Following a recent trend of conserving islands, part of Northern Ontario’s plentiful untouched wilderness has been purchased by a local group devoted to the study of natural areas.
On one of the Thunder Bay Field Naturalists’ hikes amid the wilderness that surrounds Lake Superior, participants will hear fascinating lectures about the natural history and resources of the region – but this organization also puts its money where its mouth is. In March of 2012, it was announced that the Naturalists has successfully completed the purchase of a large portion of Bowman Island, a sprawling piece of woodland in a remote corner of the lake. Buying this land, which had been publically listed with a local brokerage, completes the protection of the island, as the remainder is virtually all owned by the Crown.

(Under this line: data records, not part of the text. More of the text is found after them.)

lemma exchangeable_windows:
  assumes "S \<subseteq> Lang P S0" "\<And>x. x \<in> S \<Longrightarrow> j0 \<le> length x" "2 * j0 \<le> k" "0 < k"
  obtains pos wid piece where
    "\<And>x. x \<in> S \<Longrightarrow> piece x \<in> pieces P S0 \<and> j0 \<le> wid x \<and> wid x \<le> k \<and> pos x + wid x \<le> length x"
    "\<And>x y. x \<in> S \<Longrightarrow> y \<in> S \<Longrightarrow> (pos x, wid x, piece x) = (pos y, wid y, piece y) \<Longrightarrow>
      graft (pos x) (pos x + wid x) x y \<in> Lang P S0"
proof -
  have "\<forall>x\<in>S. \<exists>i j g. g \<in> pieces P S0 \<and> j0 \<le> j \<and> j \<le> k \<and> i + j \<le> length x \<and>
    derives_via P [NT S0] g (take i x) (take j (drop i x)) (drop (i + j) x)"
  proof
    fix x
    assume "x \<in> S"
    with assms(1,2) have "x \<in> Lang P S0" "j0 \<le> length x"
      by auto
    from derives_via_start_symbol[OF this assms(3,4)]
    show "\<exists>i j g. g \<in> pieces P S0 \<and> j0 \<le> j \<and> j \<le> k \<and> i + j \<le> length x \<and>
      derives_via P [NT S0] g (take i x) (take j (drop i x)) (drop (i + j) x)" .
  qed
  then obtain pos wid piece where window: "\<forall>x\<in>S. piece x \<in> pieces P S0 \<and> j0 \<le> wid x \<and>
    wid x \<le> k \<and> pos x + wid x \<le> length x \<and>
    derives_via P [NT S0] (piece x) (take (pos x) x) (take (wid x) (drop (pos x) x))
      (drop (pos x + wid x) x)"
    by metis
  show thesis
  proof (rule that[of piece wid pos])
    fix x y
    assume "x \<in> S" "y \<in> S" and same: "(pos x, wid x, piece x) = (pos y, wid y, piece y)"
    with window have "derives_via P [NT S0] (piece x) (take (pos x) y) (take (wid x) (drop (pos x) y))
      (drop (pos x + wid x) y)"
      by auto
    with window \<open>x \<in> S\<close> show "graft (pos x) (pos x + wid x) x y \<in> Lang P S0"
      by (blast intro: graft_in_Lang)
  qed (use window in blast)
qed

Established in the 1930’s by several environmentally-minded military personnel, Major L.S. Dear and Colonel S.C. Young, the Naturalists quickly became Northern Ontario’s organization of choice for those interested in bird watching, botany, and nature hikes. It flourished around the Lakehead region throughout the 20th century, and gradually transformed into an active participant in environmental projects, allied with larger groups like the Nature Conservancy of Canada and the World Wildlife Fund. Its founders could hardly have anticipated such a great success – the Naturalists now have more than 1,000 acres of wilderness under their direct management.
A significant portion of that protected wilderness takes the form of islands in Lake Superior. The land on Bowman Island was of particular interest to the group because they happened to own its neighbour, Paradise Island, and intended to incorporate Bowman into an already-established nature reserve. The 60-acre Paradise Island was purchased by the Naturalists in late 2007 for $320,000, through a combination of donations, government assistance, and in-kind gifts from landowners. The island is highly unique, as it’s chilly, unsheltered location has created an arctic-style environment with flora typically seen only at higher latitudes, like crowberry and lichens.
Another island under the Naturalists’ domain is the tiny Hare Island, a 4.5 acre speck that, despite its small size, is an important bird habitat and even has a resident pair of Bald Eagles. This island, which was publically listed for sale as a place to build a vacation cottage, was purchased by the group in 2008, through the financial assistance of the friends and family of Gordon and Elizabeth McLaren, two of the earliest members of the group who were there for its 1933 beginnings. With the new acquisition of Bowman Island making three isles under protection, the Thunder Bay Field Naturalists are adding to a legacy that has flourished for almost 80 years, and will no doubt continue for many more.